9 Tips for best practices with Apache Spark
The below tips are not written by me (Kumar Chinnakali).
It is actually learnt from mammothdata.com and felt it could help our big data community, where Apache Spark is currently changing the world of Analytics & Big Data.
Mamothdata team, tons of thanks for sharing with us.
- Spark is written in Scala, so new features will be first available for Scala (and Java). Python and R bindings can lag behind on new features from version to version.
- If you are developing Spark in Java, use Java 8 or above if possible. The new lambda functionality in Java 8 removes a lot of verbosity required in your code.
- The fundamentals of software development still apply in the Big Data world – Spark can be unit-tested and integration-tested, and code should be reused between streaming and batch jobs wherever possible.
- When Spark is transferring data over the network, it needs to serialize objects into a binary form. This can have an effect on performance when shuffling or on other operations that require large amounts of data to be transferred. To ameliorate this, first try to make sure that your code is written in a way that minimizes the amount of shuffling that may occur (e.g. only use groupByKey as a last resort, preferring instead to use actions like reduceByKey which perform aggregation as in-place as possible). Second, consider using Kryo instead of java.io.Serializable for your objects, as it has a more compact binary representation than the standard Java serializer, and is also faster to compress or decompress. For further performance, especially when dealing with billions of objects, you can register classes with the Kryo serializer at start-up, saving more precious bytes.

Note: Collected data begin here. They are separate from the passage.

lemma sum_Delta_Pi_mult:
  assumes a1: "a1 \<in> A1" and a2: "a2 \<in> A2"
  shows "(\<Sum>(u, v)\<leftarrow>Delta (a1 * a2). Pi1 u * Pi2 v) = a1 * a2"
proof -
  obtain ps1 where ps1: "snd ` set ps1 \<subseteq> A1" "tensor_eq scale (Delta a1) ps1"
    using Delta_A1[OF a1] by blast
  obtain ps2 where ps2: "fst ` set ps2 \<subseteq> A2" "tensor_eq scale (Delta a2) ps2"
    using Delta_A2[OF a2] by blast
  have "(\<Sum>(u, v)\<leftarrow>Delta (a1 * a2). Pi1 u * Pi2 v)
      = (\<Sum>(u, v)\<leftarrow>Delta a1. \<Sum>(u', v')\<leftarrow>Delta a2. Pi1 (u * u') * Pi2 (v * v'))"
    by (rule bialgebra_sum_Delta_mult[OF bialgebra bilinear_map_mult[OF algebra linear_Pi1 linear_Pi2]])
  also have "\<dots> = (\<Sum>(u, v)\<leftarrow>Delta a1. \<Sum>(u', v')\<leftarrow>ps2. Pi1 (u * u') * Pi2 (v * v'))"
    by (intro arg_cong[where f = sum_list] map_cong refl, clarify)
      (rule tensor_eq_sum_list_bilinear[OF bilinear_map_Pi1_Pi2_comp ps2(2)]
        linear_mult_left[OF algebra])+
  also have "\<dots> = (\<Sum>(u, v)\<leftarrow>ps1. \<Sum>(u', v')\<leftarrow>ps2. Pi1 (u * u') * Pi2 (v * v'))"
    by (rule tensor_eq_sum_list_bilinear[OF bilinear_map_sum_list[OF vector_space_scale] ps1(2)])
      (auto intro: bilinear_map_Pi1_Pi2_comp linear_mult_right[OF algebra])
  also have "\<dots> = (\<Sum>(u, v)\<leftarrow>ps1. \<Sum>(u', v')\<leftarrow>ps2. scale (eps v) (Pi1 u) * scale (eps u') (Pi2 v'))"
    using ps1(1) ps2(1)
    by (intro arg_cong[where f = sum_list] map_cong refl, clarify)+
      (force simp: Pi1_mult_right Pi2_mult_left algebra_over_scale_mult_commute[OF algebra])
  also have "\<dots> = (\<Sum>(u, v)\<leftarrow>ps1. scale (eps v) (Pi1 u)) * (\<Sum>(u', v')\<leftarrow>ps2. scale (eps u') (Pi2 v'))"
    by (subst sum_list_mult_const[symmetric]) (simp add: split_def flip: sum_list_const_mult)
  also have "\<dots> = a1 * a2"
    using sum_counit_Pi1[OF ps1(2)] sum_counit_Pi2[OF ps2(2)] Pi1_A1[OF a1] Pi2_A2[OF a2] by simp
  finally show ?thesis .
qed

theorem sum_Delta_Pi: "(\<Sum>(u, v)\<leftarrow>Delta a. Pi1 u * Pi2 v) = a"
proof -
  obtain ps where ps: "set ps \<subseteq> A1 \<times> A2" and a: "a = (\<Sum>(x, y)\<leftarrow>ps. x * y)"
    using mult_spans by blast
  have "(\<Sum>(u, v)\<leftarrow>Delta a. Pi1 u * Pi2 v) = (\<Sum>(x, y)\<leftarrow>ps. \<Sum>(u, v)\<leftarrow>Delta (x * y). Pi1 u * Pi2 v)"
    using bialgebra_sum_Delta_sum_list[OF bialgebra bilinear_map_mult[OF algebra linear_Pi1 linear_Pi2],
        of "\<lambda>(x, y). x * y" ps]
    by (simp add: a split_def)
  also have "\<dots> = a"
    using ps unfolding a
    by (intro arg_cong[where f = sum_list] map_cong refl, clarify) (auto intro: sum_Delta_Pi_mult)
  finally show ?thesis .
qed

end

- Use connection pools instead of creating dedicated connections when connecting to external data sources – e.g. if you are writing elements from an RDD into a Redis cluster, you might be surprised if it attempts to open 10 million connections to Redis when running on production traffic.
- Use Spark’s checkpointing features when running streaming applications to ensure recovery from failures. Spark can save checkpoints to local files, HDFS, or S3.
- With larger datasets (>200Gb), garbage collection on the JVM Spark runs may become a performance issue. In general, switching to the G1 GC over the default ParallelGC will ultimately be more performant. Although, some tuning will be required according to the details of your dataset and application (a process that Mammoth Data can easily assist with).
- If possible, use dataframes over RDDs for developing new applications. While dataframes are in the Spark SQL package rather than Spark Core, Databricks has indicated that they will be dedicating significant resources to improving the Catalyst optimizer for generating RDD code. By adopting the dataframe approach of development, your application is likely to benefit from any optimizer improvements in the upcoming development cycles.
- Remember, Spark Streaming is not a pure streaming architecture. If the microbatches do not provide a low enough latency for your processing, you may need to consider a different framework, e.g. Storm, Samza, or Flink.